Доказательственная система по характеру связей на наш взгляд напоминает карточный домик, основной характеристикой которого является слабость связей его элементов (конструкции).

По Д. Локку доказывание «есть раскрытие соответствия или несоответствия двух идей через посредство одного или нескольких доводов, находящихся между собою в постоянной, неизменной и очевидной связи» (выделено нами – Ю.Б.)[27]. В логическом доказывании форму связи тезиса с приведенными для его обоснования фактами и аргументами представляет понятие «демонстрация». Демонстрация основана на ясном и прямом восприятии неизменных вещей, «принадлежащих органам чувств человека», и показывает, что тезис логически обосновывается аргументами и поэтому является истинным. Соблюдение правил логики в установлении связей между совокупностью фактов, доводов, аргументов и тезисом дает уверенность в том, что истинность фактов обеспечивает истинность тезиса[28].
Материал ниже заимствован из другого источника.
(* Let $\zeta\in M^0$. If $u_k,u\in\mathrm{Conv}_{\mathrm{coe}}(\mathbb{R}^n)$ are such that $\delta^H_\zeta(u_k,u)\to 0$, then $u_k$ epi-converges to $u$ as $k\to\infty$.
   Context: $M^0$ is the set of continuous, strictly decreasing $\zeta:\mathbb{R}\to(0,\infty)$ with $\int_0^\infty\zeta(t)dt<\infty$. $\mathrm{Conv}_{\mathrm{coe}}(\mathbb{R}^n)$ is the set of proper, lower semicontinuous, convex, coercive functions $u:\mathbb{R}^n\to\mathbb{R}\cup\{+\infty\}$. With $\mathcal{K}^n$ the non-empty compact convex sets and $d_H$ the Hausdorff metric, define $\hat d_H$ on $\mathcal{K}^n\cup\{\emptyset\}$ by $\hat d_H(K,L)=d_H(K,L)$ if both non-empty, $\hat d_H(\emptyset,\emptyset)=0$, and $\hat d_H(K,\emptyset)=\hat d_H(\emptyset,K)=\max\{1,d_H(K,\{0\})\}$ for $K\ne\emptyset$. Then $\delta^H_\zeta(u,v)=\int_0^{\infty}\hat d_H(\{\zeta\circ u\ge s\},\{\zeta\circ v\ge s\})\,ds$, where $\{\zeta\circ u\ge s\}=\{x:\zeta(u(x))\ge s\}$ and $\zeta(+\infty):=0$. Epi-convergence $u_k\to u$: for every $x$, $\liminf_k u_k(x_k)\ge u(x)$ for all $x_k\to x$ and $\limsup_k u_k(x_k)\le u(x)$ for some $x_k\to x$. *)

theory Defs
  imports "HOL-Analysis.Analysis" "HOL-Library.Extended_Real"
begin

definition M0 :: "(real \<Rightarrow> real) set" where
  "M0 = {\<zeta>. continuous_on UNIV \<zeta> \<and> (\<forall>s t. s < t \<longrightarrow> \<zeta> t < \<zeta> s) \<and>
              (\<forall>t. 0 < \<zeta> t) \<and> set_integrable lborel {0..} \<zeta>}"

text \<open>Extension of zeta to extended reals with zeta(+inf) = 0 (values -inf never occur
  for proper functions).\<close>
definition zeta_ext :: "(real \<Rightarrow> real) \<Rightarrow> ereal \<Rightarrow> real" where
  "zeta_ext \<zeta> v = (case v of ereal r \<Rightarrow> \<zeta> r | PInfty \<Rightarrow> 0 | MInfty \<Rightarrow> 0)"

definition conv_coe :: "('a::euclidean_space \<Rightarrow> ereal) set" where
  "conv_coe = {u. (\<forall>x. u x \<noteq> -\<infinity>) \<and> (\<exists>x. u x \<noteq> \<infinity>)
      \<and> closed {(x, r::real). u x \<le> ereal r}
      \<and> (\<forall>x y t. 0 \<le> t \<and> t \<le> 1 \<longrightarrow>
            u ((1 - t) *\<^sub>R x + t *\<^sub>R y) \<le> ereal (1 - t) * u x + ereal t * u y)
      \<and> (u \<longlongrightarrow> \<infinity>) at_infinity}"

definition haus_dist :: "'a::metric_space set \<Rightarrow> 'a set \<Rightarrow> real" where
  "haus_dist K L = max (SUP x\<in>K. infdist x L) (SUP y\<in>L. infdist y K)"

definition haus_dist_hat :: "'a::real_normed_vector set \<Rightarrow> 'a set \<Rightarrow> real" where
  "haus_dist_hat K L =
     (if K = {} \<and> L = {} then 0
      else if L = {} then max 1 (haus_dist K {0})
      else if K = {} then max 1 (haus_dist L {0})
      else haus_dist K L)"

definition superlevel :: "(real \<Rightarrow> real) \<Rightarrow> ('a \<Rightarrow> ereal) \<Rightarrow> real \<Rightarrow> 'a set" where
  "superlevel \<zeta> u s = {x. zeta_ext \<zeta> (u x) \<ge> s}"

definition delta_H :: "(real \<Rightarrow> real) \<Rightarrow> ('a::real_normed_vector \<Rightarrow> ereal) \<Rightarrow> ('a \<Rightarrow> ereal) \<Rightarrow> ennreal" where
  "delta_H \<zeta> u v = (\<integral>\<^sup>+ s\<in>{0..}. ennreal (haus_dist_hat (superlevel \<zeta> u s) (superlevel \<zeta> v s)) \<partial>lborel)"

definition epi_converges :: "(nat \<Rightarrow> 'a::metric_space \<Rightarrow> ereal) \<Rightarrow> ('a \<Rightarrow> ereal) \<Rightarrow> bool" where
  "epi_converges uk u \<longleftrightarrow>
     (\<forall>x. (\<forall>xk. xk \<longlonglongrightarrow> x \<longrightarrow> liminf (\<lambda>k. uk k (xk k)) \<ge> u x) \<and>
          (\<exists>xk. xk \<longlonglongrightarrow> x \<and> limsup (\<lambda>k. uk k (xk k)) \<le> u x))"

end

(*
  Since \<zeta> is strictly decreasing and positive, for \<zeta> t' < s \<le> \<zeta> t the superlevel set
  {\<zeta> \<circ> v \<ge> s} lies between the sublevel sets {v \<le> t} and {v < t'}. If
  \<delta>(v, w) < \<epsilon> (\<zeta> t - \<zeta> t'), some height s in that range has superlevel sets of v and w
  that are \<epsilon>-close for the extended Hausdorff distance; for \<epsilon> \<le> 1 neither of them is
  empty, so every point of {v \<le> t} is \<epsilon>-close to a point of {w < t'}.
  With v = u, w = u_k this yields points x_k near x with u_k x_k < u x + \<epsilon>, and a
  diagonal choice over \<epsilon> gives the recovery sequence. With v = u_k, w = u it shows
  that u_k x_k \<le> t < t' < u x cannot happen for large k, since it would produce points
  near x where u < t', contradicting the lower semicontinuity of u.
*)
theory Submission
  imports Defs
begin

lemma eventually_exists_diagonal:
  fixes Q :: "nat \<Rightarrow> real \<Rightarrow> 'a \<Rightarrow> bool"
  assumes ev: "\<And>e. e > 0 \<Longrightarrow> eventually (\<lambda>k. \<exists>y. Q k e y) sequentially"
    and mono: "\<And>k e e' y. Q k e y \<Longrightarrow> e \<le> e' \<Longrightarrow> Q k e' y"
  obtains yk where "\<And>e. e > 0 \<Longrightarrow> eventually (\<lambda>k. Q k e (yk k)) sequentially"
proof -
  have "\<forall>m. \<exists>N. \<forall>k\<ge>N. \<exists>y. Q k (1 / real (Suc m)) y"
    using ev[of "1 / real (Suc _)"] by (simp add: eventually_sequentially)
  then obtain N where N: "\<And>m k. k \<ge> N m \<Longrightarrow> \<exists>y. Q k (1 / real (Suc m)) y" by metis
  \<comment> \<open>At stage \<open>k\<close> use the finest precision \<open>1 / Suc m\<close> already available, i.e. with \<open>N m \<le> k\<close>.\<close>
  define mk where "mk k = (GREATEST m. m \<le> k \<and> N m \<le> k)" for k
  define yk where "yk k = (SOME y. Q k (1 / real (Suc (mk k))) y)" for k
  have "eventually (\<lambda>k. Q k e (yk k)) sequentially" if "e > 0" for e
  proof -
    obtain j where j: "1 / real (Suc j) < e"
      using nat_approx_posE[OF \<open>e > 0\<close>] by blast
    have "Q k e (yk k)" if "k \<ge> max j (N j)" for k
    proof -
      have j_ok: "j \<le> k \<and> N j \<le> k" using that by simp
      have mk_ok: "mk k \<le> k \<and> N (mk k) \<le> k" unfolding mk_def
        by (rule GreatestI_nat[where P="\<lambda>m. m \<le> k \<and> N m \<le> k", OF j_ok]) auto
      have j_le: "j \<le> mk k" unfolding mk_def
        by (rule Greatest_le_nat[where P="\<lambda>m. m \<le> k \<and> N m \<le> k", OF j_ok]) auto
      have "\<exists>y. Q k (1 / real (Suc (mk k))) y" using N mk_ok by blast
      then have "Q k (1 / real (Suc (mk k))) (yk k)" unfolding yk_def by (rule someI_ex)
      moreover have "1 / real (Suc (mk k)) \<le> 1 / real (Suc j)"
        using j_le by (simp add: frac_le)
      then have "1 / real (Suc (mk k)) \<le> e" using j by linarith
      ultimately show ?thesis by (rule mono)
    qed
    then show ?thesis unfolding eventually_sequentially by blast
  qed
  then show ?thesis by (rule that)
qed

lemma M0_pos: "\<zeta> \<in> M0 \<Longrightarrow> 0 < \<zeta> t"
  unfolding M0_def by auto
С.В. Курылев полагал, что теоретической основой сущности доказательств должен служить закон всеобщей связи и взаимозависимости явлений природы и общества. По мнению ученого, связь факта – доказательства с искомым фактом может выступать в одной из четырех форм связей: причины и следствия, условия и обусловленного, временной и пространственной, либо в различном сочетании этих форм[29]. Традиционно в доказывании говорят о причинно-следственной (казуальной), т.е. связи обусловленности, и связи совпадения, сосуществования в пространстве и времени[30]. Ранее мы писали о так называемых случайных связях в доказывании[31].

Исследование события преступления с позиции системного подхода позволяет значительно шире взглянуть на взаимодействие его элементов и совместное их функционирование. При этом может быть выявлено значительное богатство связей: генетических, синергических, обратных, преобразования, взаимодействия, функционирования, развития, управления; и различные их пересечения[32].

В юридических делах применение логической демонстрации ограничено, – отмечает А.А. Кухта – потому что факты в основном касаются действий, которые часто прямо не воспринимаются или сообщаются другими[33].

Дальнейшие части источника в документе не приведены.